Col 4 shows the lag with NA position preserved
Col 5 shows the new difference - now the return of 5 for 2009-11-07 is available
Cheers, Dave
x <- xts(c(100, 101, 97, 95, 99, NA, 104, 103, 103, 100), as.Date("2009-11-01") + 0:9)
# fake the lag I want, with NA kept in position
x.pos.lag <- lag.xts(x.pos)
x.pos.lag <- lag.xts(x.pos)
x.pos.lag['2009-11-07']=99
x.pos.lag['2009-11-06']=NA
cbind(x, lag.xts(x), x - lag.xts(x), x.pos.lag, x-x.pos.lag)
..1 ..2 ..3 ..4 ..5
2009-11-01 100 NA NA NA NA
2009-11-02 101 100 1 100 1
2009-11-03 97 101 -4 101 -4
2009-11-04 95 97 -2 97 -2
2009-11-05 99 95 4 95 4
2009-11-06 NA 99 NA NA NA
2009-11-07 104 NA NA 99 5
2009-11-08 103 104 -1 104 -1
2009-11-09 103 103 0 103 0
2009-11-10 100 103 -3 103 -3
There are no functions to do that natively in R, but you can create an index of the original NA positions and then swap the values there after the lag.
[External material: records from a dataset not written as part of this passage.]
text \<open>
  Neither \<open>\<sigma>\<close>-finiteness of \<open>M\<close>, nor the mapping property of \<open>T\<close> on \<open>L\<^sup>p\<close>, nor finiteness of
  \<open>\<parallel>T\<^sup>*f\<parallel>\<^sub>p\<close> is used: Tonelli only needs the inner measure \<open>w\<^sub>\<gamma>\<close> to be \<open>\<sigma>\<close>-finite, and the joint
  measurability of \<open>T\<^sub>t f(x)\<close> already makes every \<open>T\<^sub>t f\<close> measurable.
\<close>

theorem theorem1p1:
  fixes M :: "'a measure" and p \<gamma> :: real
    and T :: "real \<Rightarrow> ('a \<Rightarrow> real) \<Rightarrow> ('a \<Rightarrow> real)" and f :: "'a \<Rightarrow> real"
  assumes "sigma_finite_measure M"
    and "1 \<le> p"
    and "\<gamma> > 0"
    and "\<And>g t. Lp_mem M p g \<Longrightarrow> t > 0 \<Longrightarrow> Lp_mem M p (T t g)"
    and "Lp_mem M p f"
    and "(\<lambda>(x, t). T t f x) \<in> borel_measurable (M \<Otimes>\<^sub>M wgamma \<gamma>)"
  shows "(Tstar T f \<in> borel_measurable M \<and> (\<integral>\<^sup>+ x. enn_powr (Tstar T f x) p \<partial>M) < \<infinity>
          \<longrightarrow> (SUP lam\<in>{0<..}. ennreal (lam powr p) * level_meas M p \<gamma> T f lam)
                \<le> ennreal (1 / \<gamma>) * (\<integral>\<^sup>+ x. enn_powr (Tstar T f x) p \<partial>M))
      \<and> (\<forall>C. p > 1 \<and> C > 0 \<and>
            (\<forall>g. Lp_mem M p g \<longrightarrow> Tstar T g \<in> borel_measurable M \<and>
                 (\<integral>\<^sup>+ x. enn_powr (Tstar T g x) p \<partial>M) \<le> ennreal (C powr p) * Lp_norm_pow M p g)
          \<longrightarrow> (SUP lam\<in>{0<..}. ennreal (lam powr p) * level_meas M p \<gamma> T f lam)
                \<le> ennreal (C powr p / \<gamma>) * Lp_norm_pow M p f)
      \<and> ((AE x in M. \<exists>l. ((\<lambda>t. T t f x) \<longlongrightarrow> l) (at_right 0))
          \<longrightarrow> ennreal (1 / \<gamma>) * Lp_norm_pow M p (\<lambda>x. Lim (at_right 0) (\<lambda>t. T t f x))
                \<le> Liminf at_top (\<lambda>lam. ennreal (lam powr p) * level_meas M p \<gamma> T f lam))"
proof (intro conjI allI impI)
  have "p > 0"
    using assms(2) by simp
  note weak_type = level_meas_weak_type[where T=T and f=f, OF \<open>p > 0\<close> assms(3,6)]
  show "(SUP lam\<in>{0<..}. ennreal (lam powr p) * level_meas M p \<gamma> T f lam)
      \<le> ennreal (1 / \<gamma>) * (\<integral>\<^sup>+ x. enn_powr (Tstar T f x) p \<partial>M)"
    if "Tstar T f \<in> borel_measurable M \<and> (\<integral>\<^sup>+ x. enn_powr (Tstar T f x) p \<partial>M) < \<infinity>"
    using weak_type that by blast
  show "(SUP lam\<in>{0<..}. ennreal (lam powr p) * level_meas M p \<gamma> T f lam)
      \<le> ennreal (C powr p / \<gamma>) * Lp_norm_pow M p f"
    if maximal: "p > 1 \<and> C > 0 \<and>
      (\<forall>g. Lp_mem M p g \<longrightarrow> Tstar T g \<in> borel_measurable M \<and>
        (\<integral>\<^sup>+ x. enn_powr (Tstar T g x) p \<partial>M) \<le> ennreal (C powr p) * Lp_norm_pow M p g)" for C
  proof -
    have Tstar_measurable: "Tstar T f \<in> borel_measurable M"
      and bound: "(\<integral>\<^sup>+ x. enn_powr (Tstar T f x) p \<partial>M) \<le> ennreal (C powr p) * Lp_norm_pow M p f"
      using maximal assms(5) by auto
    have "(SUP lam\<in>{0<..}. ennreal (lam powr p) * level_meas M p \<gamma> T f lam)
        \<le> ennreal (1 / \<gamma>) * (\<integral>\<^sup>+ x. enn_powr (Tstar T f x) p \<partial>M)"
      using weak_type Tstar_measurable .
    also have "\<dots> \<le> ennreal (1 / \<gamma>) * (ennreal (C powr p) * Lp_norm_pow M p f)"
      using bound by (rule mult_left_mono) simp
    also have "\<dots> = ennreal (C powr p / \<gamma>) * Lp_norm_pow M p f"
      using assms(3) by (simp add: mult.assoc[symmetric] ennreal_mult[symmetric] del: ennreal_mult)
    finally show ?thesis .
  qed
  show "ennreal (1 / \<gamma>) * Lp_norm_pow M p (\<lambda>x. Lim (at_right 0) (\<lambda>t. T t f x))
      \<le> Liminf at_top (\<lambda>lam. ennreal (lam powr p) * level_meas M p \<gamma> T f lam)"
    if "AE x in M. \<exists>l. ((\<lambda>t. T t f x) \<longlongrightarrow> l) (at_right 0)"
    using level_meas_Liminf_ge[where T=T and f=f, OF \<open>p > 0\<close> assms(3,6) that] .
qed

end
(* In the setting described in the context, assume the adjacency graph of the mesh (vertices $i$, edges the interior faces $i|j$) is connected and that at least one face of the mesh lies in $\Gamma_D$. Let $c^{l,n}\in\mathbb R^N$ satisfy $\min_ic^{l,n}_i>0$ for $l=1,\dots,M$, and let $T^n\in\mathbb R^N$ be arbitrary. Then for every $\Delta t>0$ there exists a unique $(c^{1,n+1},\dots,c^{M,n+1},\psi^{n+1})$ with $c^{l,n+1}_i>0$ for all $i,l$ satisfying equations (i) and (ii) of Scheme I. If moreover $T^n_i>0$ for all $i$ and $\Delta t<C_T/C_*$, where $C_*:=\max_i|P^{n+1}_i|$ (with $P^{n+1}$ computed from this $c^{l,n+1},\psi^{n+1}$), then equation (iii) of Scheme I has a unique solution $T^{n+1}$, and $T^{n+1}_i>0$ for $i=1,\dots,N$.
   Context: Mesh. $\Omega\subset\mathbb R^d$ is a bounded polygonal/polyhedral domain with $\partial\Omega=\Gamma_D\cup\Gamma_N$, $\Gamma_D\cap\Gamma_N=\emptyset$. A Voronoi finite-volume mesh consists of points $\mathbf x_1,\dots,\mathbf x_N$ and control volumes $V_i=\{\mathbf y\in\Omega:|\mathbf y-\mathbf x_i|<|\mathbf y-\mathbf x_j|\ \forall j\ne i\}$. An interior face is $\sigma=\partial V_i\cap\partial V_j$ of positive $(d-1)$-measure, written $\sigma=i|j$; $\mathcal E_{int}$ is the set of interior faces and $\mathcal E_{i,int}$ those of $V_i$; $\mathcal E^D_{i,ext}$, $\mathcal E^N_{i,ext}$ are the faces of $\partial V_i$ lying in $\Gamma_D$, resp. $\Gamma_N$. $\mathrm m(\cdot)$ is Lebesgue measure (in dimension $d$ or $d-1$); $d_\sigma=|\mathbf x_i-\mathbf x_j|$ for $\sigma=i|j$ and $d_\sigma=\mathrm{dist}(\mathbf x_i,\sigma)$ for exterior faces of $V_i$; $\tau_\sigma=\mathrm m(\sigma)/d_\sigma$. Grid functions are vectors $u=(u_1,\dots,u_N)\in\mathbb R^N$; for $\sigma=i|j$, $Du_{i,\sigma}=u_j-u_i$. For positive $u$ and $\sigma=i|j$, $\mathcal A_\sigma u=\frac{(\mathrm m(V_i)+\mathrm m(V_j))u_iu_j}{\mathrm m(V_i)u_j+\mathrm m(V_j)u_i}$ (harmonic average). The discrete inner product is $(f,g)=\sum_{i=1}^N\mathrm m(V_i)f_ig_i$. Scheme I. Parameters: $\varepsilon>0$, $k>0$, $C_T>0$, $\Delta t>0$, $\nu^l>0$, $z^l\in\mathbb R$ ($l=1,\dots,M$), a grid function $\rho^f$, Dirichlet data $\psi^D_\sigma$ on $\Gamma_D$-faces and Neumann data $g_\sigma$ on $\Gamma_N$-faces. Given $c^{l,n}$ (positive), $T^n$, the unknowns $c^{l,n+1}$ (positive), $\psi^{n+1}$, $T^{n+1}$ satisfy, for $i=1,\dots,N$: (i) $\frac{c^{l,n+1}_i-c^{l,n}_i}{\Delta t}+\frac{\varepsilon}{\mathrm m(V_i)}\sum_{\sigma\in\mathcal E_{i,int}}\mathrm m(\sigma)F^l_{i,\sigma}=0$, where for $\sigma=i|j$ \[F^l_{i,\sigma}=-\frac{1}{\nu^l d_\sigma}\Big[\mathcal A_\sigma(c^{l,n})\,D\big(\log c^{l,n+1}+z^l\psi^{n+1}\big)_{i,\sigma}+D\big(c^{l,n}(T^n-1)\big)_{i,\sigma}\Big]\] (so $F^l_{j,\sigma}=-F^l_{i,\sigma}$), and the flux through exterior faces is zero (zero-flux boundary condition); (ii) $-\frac{\varepsilon^2}{\mathrm m(V_i)}\Big[\sum_{\sigma\in\mathcal E_{i,int}}\tau_\sigma D\psi^{n+1}_{i,\sigma}+\sum_{\sigma\in\mathcal E^D_{i,ext}}\tau_\sigma(\psi^D_\sigma-\psi^{n+1}_i)\Big]-\frac{1}{\mathrm m(V_i)}\sum_{\sigma\in\mathcal E^N_{i,ext}}\mathrm m(\sigma)g_\sigma=\sum_{l=1}^Mz^lc^{l,n+1}_i+\rho^f_i$; (iii) $C_T\frac{T^{n+1}_i-T^n_i}{\Delta t}=\frac{k}{\mathrm m(V_i)}\sum_{\sigma\in\mathcal E_{i,int}}\tau_\sigma DT^{n+1}_{i,\sigma}+T^{n+1}_iP^{n+1}_i+\varepsilon\sum_{l=1}^M\nu^lc^{l,n+1}_i|\hat{\mathbf u}^{l,n+1}_i|^2$ (thermally insulated boundary: no exterior-face terms), where \[P^{n+1}_i=\sum_{l=1}^M\Big[\frac{\varepsilon}{\mathrm m(V_i)}\sum_{\sigma\in\mathcal E_{i,int}}\mathrm m(\sigma)F^l_{i,\sigma}\lambda^l_\sigma+(1+\log c^{l,n+1}_i)\frac{c^{l,n+1}_i-c^{l,n}_i}{\Delta t}\Big],\] $\lambda^l_\sigma$ is a face value of $\log c^{l,n+1}$ depending only on $\sigma$ (the same from both sides), and $\hat{\mathbf u}^{l,n+1}_i\in\mathbb R^d$ are given cell-wise velocity reconstructions computed from $c^{l,n+1},\psi^{n+1},T^n$. *)

theory Defs
  imports "HOL-Analysis.Analysis"
begin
x <- xts(c(100, 101, 97, 95, 99, NA, 104, 103, 103, 100), as.Date("2009-11-01") + 0:9)
lag.xts.na <- function(x, ...) {
na.idx <- which(is.na(x))
x2 <- lag.xts(x, ...)
x2[na.idx+1,] <- x2[na.idx,]
x2[na.idx,] <- NA
return(x2)
}
lag.xts.na(x)
[,1]
2009-11-01 NA
2009-11-02 100
2009-11-03 101
2009-11-04 97
2009-11-05 95
2009-11-06 NA
2009-11-07 99
2009-11-08 104
2009-11-09 103
2009-11-10 103
Incidentally, are you just trying to deal with weekends/holidays or something along that line? If so, you might consider dropping those positions from your series; that will dramatically simplify things for you. Alternatively, the timeSeries package in Rmetrics has a number of functions to deal with business days.